Conway's Game of Life

When I was young my Dad had a TRS-80 Model I that he used for work (stop laughing - it managed to calculate, er, something productive), and one of the books you could buy that had BASIC programs in it (which you would spend hours typing, verifying, and editing, before running), contained a version of Conway's Game of Life, of which this odd animated GIF is an example:

Conway's Game of Life is an example of a simple cell automaton program. Imagine a piece of graph paper in which the squares are randomly either filled or empty. That graph paper represents the "organism" at zero generations. For each square (filled or empty), there are rules that govern whether it will be "alive" (filled), or "dead" (empty), in the next generation (represented by a second sheet of graph paper). Here are the rules:

"The universe of the Game of Life is an infinite two-dimensional orthogonal grid of square cells, each of which is in one of two possible states, live or dead. Every cell interacts with its eight neighbours, which are the cells that are directly horizontally, vertically, or diagonally adjacent. At each step in time, the following transitions occur:

• Any live cell with fewer than two live neighbours dies, as if caused by underpopulation.
• Any live cell with more than three live neighbours dies, as if by overcrowding.
• Any live cell with two or three live neighbours lives on to the next generation.
• Any dead cell with exactly three live neighbours becomes a live cell.

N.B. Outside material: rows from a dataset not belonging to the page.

text \<open>A matrix acting on the first resp. second tensor factor of \<open>\<psi> \<in> \<complex>\<^sup>D \<otimes> \<complex>\<^sup>D\<close>,
  i.e. the coordinates of \<open>(A \<otimes> 1)\<psi>\<close> and \<open>(1 \<otimes> B)\<psi>\<close>, and the squared norm of such a
  coordinate array.\<close>
definition act_left :: "nat \<Rightarrow> complex mat \<Rightarrow> complex vec \<Rightarrow> nat \<Rightarrow> nat \<Rightarrow> complex" where
  "act_left D A \<psi> a b = (\<Sum>c<D. A $$ (a, c) * \<psi> $ (c * D + b))"

definition act_right :: "nat \<Rightarrow> complex mat \<Rightarrow> complex vec \<Rightarrow> nat \<Rightarrow> nat \<Rightarrow> complex" where
  "act_right D B \<psi> a b = (\<Sum>d<D. B $$ (b, d) * \<psi> $ (a * D + d))"

definition sqnorm :: "nat \<Rightarrow> (nat \<Rightarrow> nat \<Rightarrow> complex) \<Rightarrow> real" where
  "sqnorm D f = (\<Sum>a<D. \<Sum>b<D. Re (cnj (f a b) * f a b))"

lemma sqnorm_cong:
  "(\<And>a b. a < D \<Longrightarrow> b < D \<Longrightarrow> f a b = g a b) \<Longrightarrow> sqnorm D f = sqnorm D g"
  unfolding sqnorm_def by (intro sum.cong refl) auto

lemma sqnorm_Re: "sqnorm D f = Re (\<Sum>a<D. \<Sum>b<D. cnj (f a b) * f a b)"
  unfolding sqnorm_def by (simp only: Re_sum)

lemma inner_tensor_coords:
  assumes "\<psi> \<in> carrier_vec (D * D)"
  shows "map_vec cnj \<psi> \<bullet> \<psi> = (\<Sum>a<D. \<Sum>b<D. cnj (\<psi> $ (a * D + b)) * \<psi> $ (a * D + b))"
proof -
  have "map_vec cnj \<psi> \<bullet> \<psi> = (\<Sum>i<D * D. cnj (\<psi> $ i) * \<psi> $ i)"
    using assms by (auto simp: scalar_prod_def atLeast0LessThan intro!: sum.cong)
  then show ?thesis by (simp only: sum_tensor_index)
qed

lemma expval_kron:
  assumes psi: "\<psi> \<in> carrier_vec (D * D)" and A: "A \<in> carrier_mat D D" and B: "B \<in> carrier_mat D D"
  shows "expval \<psi> (kron A B) = (\<Sum>a<D. \<Sum>b<D. cnj (\<psi> $ (a * D + b)) *
           (\<Sum>c<D. \<Sum>d<D. A $$ (a, c) * B $$ (b, d) * \<psi> $ (c * D + d)))"
proof -
  have dims: "dim_row (kron A B) = D * D" "dim_col (kron A B) = D * D"
    using A B by (auto simp: kron_def)
  have entry: "kron A B $$ (i, j) = A $$ (i div D, j div D) * B $$ (i mod D, j mod D)"
    if "i < D * D" "j < D * D" for i j
    using that A B by (auto simp: kron_def)
  have "expval \<psi> (kron A B) = (\<Sum>i<D * D. cnj (\<psi> $ i) *
          (\<Sum>j<D * D. A $$ (i div D, j div D) * B $$ (i mod D, j mod D) * \<psi> $ j))"
    unfolding expval_def scalar_prod_def using psi dims
    by (auto simp: entry atLeast0LessThan scalar_prod_def intro!: sum.cong)
  then show ?thesis by (simp add: sum_tensor_index)
qed

lemma expval_kron_factor:
  assumes psi: "\<psi> \<in> carrier_vec (D * D)" and A: "A \<in> carrier_mat D D" and B: "B \<in> carrier_mat D D"
    and herm: "\<And>i j. i < D \<Longrightarrow> j < D \<Longrightarrow> A $$ (j, i) = cnj (A $$ (i, j))"
  shows "expval \<psi> (kron A B) = (\<Sum>c<D. \<Sum>b<D. cnj (act_left D A \<psi> c b) * act_right D B \<psi> c b)"
proof -
  have "expval \<psi> (kron A B) = (\<Sum>a<D. \<Sum>b<D. \<Sum>c<D. \<Sum>d<D.
          cnj (\<psi> $ (a * D + b)) * A $$ (a, c) * B $$ (b, d) * \<psi> $ (c * D + d))"
    unfolding expval_kron[OF psi A B] sum_distrib_left by (simp add: mult.assoc)
  also have "\<dots> = (\<Sum>c<D. \<Sum>b<D. \<Sum>a<D. \<Sum>d<D.
          cnj (\<psi> $ (a * D + b)) * A $$ (a, c) * B $$ (b, d) * \<psi> $ (c * D + d))"
    by (rule sum_reverse3)
  also have "\<dots> = (\<Sum>c<D. \<Sum>b<D. cnj (act_left D A \<psi> c b) * act_right D B \<psi> c b)"
  proof (intro sum.cong refl)
    fix c b assume c: "c \<in> {..<D}"
    have "cnj (act_left D A \<psi> c b) = (\<Sum>a<D. A $$ (a, c) * cnj (\<psi> $ (a * D + b)))"
      unfolding act_left_def cnj_sum using herm[of c] c by (intro sum.cong refl) simp
    then show "(\<Sum>a<D. \<Sum>d<D. cnj (\<psi> $ (a * D + b)) * A $$ (a, c) * B $$ (b, d) * \<psi> $ (c * D + d))
        = cnj (act_left D A \<psi> c b) * act_right D B \<psi> c b"
      unfolding act_right_def by (simp add: sum_product mult_ac) (rule sum.swap)
  qed
  finally show ?thesis .
qed

lemma sum_sq_orth_columns:
  fixes X :: "nat \<Rightarrow> nat \<Rightarrow> complex" and v :: "nat \<Rightarrow> complex"
  assumes orth: "\<And>d d'. d < D \<Longrightarrow> d' < D \<Longrightarrow> (\<Sum>b<D. cnj (X b d) * X b d') = (if d = d' then c else 0)"
  shows "(\<Sum>b<D. cnj (\<Sum>d<D. X b d * v d) * (\<Sum>d<D. X b d * v d)) = c * (\<Sum>d<D. cnj (v d) * v d)"
proof -
  have "(\<Sum>b<D. cnj (\<Sum>d<D. X b d * v d) * (\<Sum>d<D. X b d * v d))
      = (\<Sum>b<D. \<Sum>d<D. \<Sum>d'<D. (cnj (X b d) * cnj (v d)) * (X b d' * v d'))"
    unfolding cnj_sum sum_product by simp
  also have "\<dots> = (\<Sum>d<D. \<Sum>b<D. \<Sum>d'<D. (cnj (X b d) * cnj (v d)) * (X b d' * v d'))"
    by (rule sum.swap)
  also have "\<dots> = (\<Sum>d<D. \<Sum>d'<D. \<Sum>b<D. (cnj (X b d) * cnj (v d)) * (X b d' * v d'))"
    by (rule sum.cong[OF refl], rule sum.swap)
  also have "\<dots> = (\<Sum>d<D. \<Sum>d'<D. (cnj (v d) * v d') * (\<Sum>b<D. cnj (X b d) * X b d'))"
    by (simp add: sum_distrib_left mult_ac)
  also have "\<dots> = (\<Sum>d<D. \<Sum>d'<D. (cnj (v d) * v d') * (if d = d' then c else 0))"
    by (intro sum.cong refl) (simp add: orth)
  also have "\<dots> = (\<Sum>d<D. c * (cnj (v d) * v d))"
    by (intro sum.cong refl) (simp add: if_distrib cong: if_cong)
  also have "\<dots> = c * (\<Sum>d<D. cnj (v d) * v d)"
    by (simp add: sum_distrib_left)
  finally show ?thesis .
qed

lemma unit_vec_tensor_coords:
  assumes "unit_vec_c (D * D) \<psi>"
  shows "(\<Sum>a<D. \<Sum>b<D. cnj (\<psi> $ (a * D + b)) * \<psi> $ (a * D + b)) = 1"
  using assms inner_tensor_coords[of \<psi> D] unfolding unit_vec_c_def by simp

The initial pattern constitutes the 'seed' of the system. The first generation is created by applying the above rules simultaneously to every cell in the seed — births and deaths happen simultaneously, and the discrete moment at which this happens is sometimes called a tick. (In other words, each generation is a pure function of the one before.) The rules continue to be applied repeatedly to create further generations."